_What you should do_
The entries shown below are to be printed in full, unaltered.

_Stored data_
▬▬▬▬▬▬▬▬▬▬

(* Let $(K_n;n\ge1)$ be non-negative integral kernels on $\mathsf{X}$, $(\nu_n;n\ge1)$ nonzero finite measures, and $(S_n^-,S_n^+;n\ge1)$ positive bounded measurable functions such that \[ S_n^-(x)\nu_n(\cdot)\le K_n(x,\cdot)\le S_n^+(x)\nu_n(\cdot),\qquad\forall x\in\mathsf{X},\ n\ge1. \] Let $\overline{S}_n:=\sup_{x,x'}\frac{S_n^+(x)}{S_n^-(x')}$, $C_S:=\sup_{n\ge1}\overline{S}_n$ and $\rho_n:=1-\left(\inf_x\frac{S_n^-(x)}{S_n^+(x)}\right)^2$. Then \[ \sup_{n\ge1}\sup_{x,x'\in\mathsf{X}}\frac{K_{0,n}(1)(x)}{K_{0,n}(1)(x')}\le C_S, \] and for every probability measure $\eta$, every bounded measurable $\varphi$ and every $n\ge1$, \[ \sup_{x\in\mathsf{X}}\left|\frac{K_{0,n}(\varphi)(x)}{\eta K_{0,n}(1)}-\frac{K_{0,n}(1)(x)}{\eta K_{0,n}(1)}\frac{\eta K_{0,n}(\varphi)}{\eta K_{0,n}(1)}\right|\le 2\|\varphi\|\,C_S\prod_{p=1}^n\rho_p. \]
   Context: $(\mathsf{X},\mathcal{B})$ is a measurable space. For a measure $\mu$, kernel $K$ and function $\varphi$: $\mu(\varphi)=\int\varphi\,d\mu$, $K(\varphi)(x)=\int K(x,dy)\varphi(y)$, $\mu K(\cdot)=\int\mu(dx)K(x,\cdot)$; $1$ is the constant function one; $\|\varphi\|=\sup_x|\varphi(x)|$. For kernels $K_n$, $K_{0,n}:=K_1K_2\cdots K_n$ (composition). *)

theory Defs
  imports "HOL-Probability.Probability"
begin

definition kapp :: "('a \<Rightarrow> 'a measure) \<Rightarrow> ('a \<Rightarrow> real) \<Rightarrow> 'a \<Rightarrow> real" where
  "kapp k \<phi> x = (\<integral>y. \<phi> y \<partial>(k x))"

▬▬▬▬▬▬▬▬▬▬

_Exercise output_
(* Let $(K_n;n\ge1)$ be non-negative integral kernels on $\mathsf{X}$, $(\nu_n;n\ge1)$ nonzero finite measures, and $(S_n^-,S_n^+;n\ge1)$ positive bounded measurable functions such that \[ S_n^-(x)\nu_n(\cdot)\le K_n(x,\cdot)\le S_n^+(x)\nu_n(\cdot),\qquad\forall x\in\mathsf{X},\ n\ge1. \] Let $\overline{S}_n:=\sup_{x,x'}\frac{S_n^+(x)}{S_n^-(x')}$, $C_S:=\sup_{n\ge1}\overline{S}_n$ and $\rho_n:=1-\left(\inf_x\frac{S_n^-(x)}{S_n^+(x)}\right)^2$. Then \[ \sup_{n\ge1}\sup_{x,x'\in\mathsf{X}}\frac{K_{0,n}(1)(x)}{K_{0,n}(1)(x')}\le C_S, \] and for every probability measure $\eta$, every bounded measurable $\varphi$ and every $n\ge1$, \[ \sup_{x\in\mathsf{X}}\left|\frac{K_{0,n}(\varphi)(x)}{\eta K_{0,n}(1)}-\frac{K_{0,n}(1)(x)}{\eta K_{0,n}(1)}\frac{\eta K_{0,n}(\varphi)}{\eta K_{0,n}(1)}\right|\le 2\|\varphi\|\,C_S\prod_{p=1}^n\rho_p. \]
   Context: $(\mathsf{X},\mathcal{B})$ is a measurable space. For a measure $\mu$, kernel $K$ and function $\varphi$: $\mu(\varphi)=\int\varphi\,d\mu$, $K(\varphi)(x)=\int K(x,dy)\varphi(y)$, $\mu K(\cdot)=\int\mu(dx)K(x,\cdot)$; $1$ is the constant function one; $\|\varphi\|=\sup_x|\varphi(x)|$. For kernels $K_n$, $K_{0,n}:=K_1K_2\cdots K_n$ (composition). *)

theory Defs
  imports "HOL-Probability.Probability"
begin

definition kapp :: "('a \<Rightarrow> 'a measure) \<Rightarrow> ('a \<Rightarrow> real) \<Rightarrow> 'a \<Rightarrow> real" where
  "kapp k \<phi> x = (\<integral>y. \<phi> y \<partial>(k x))"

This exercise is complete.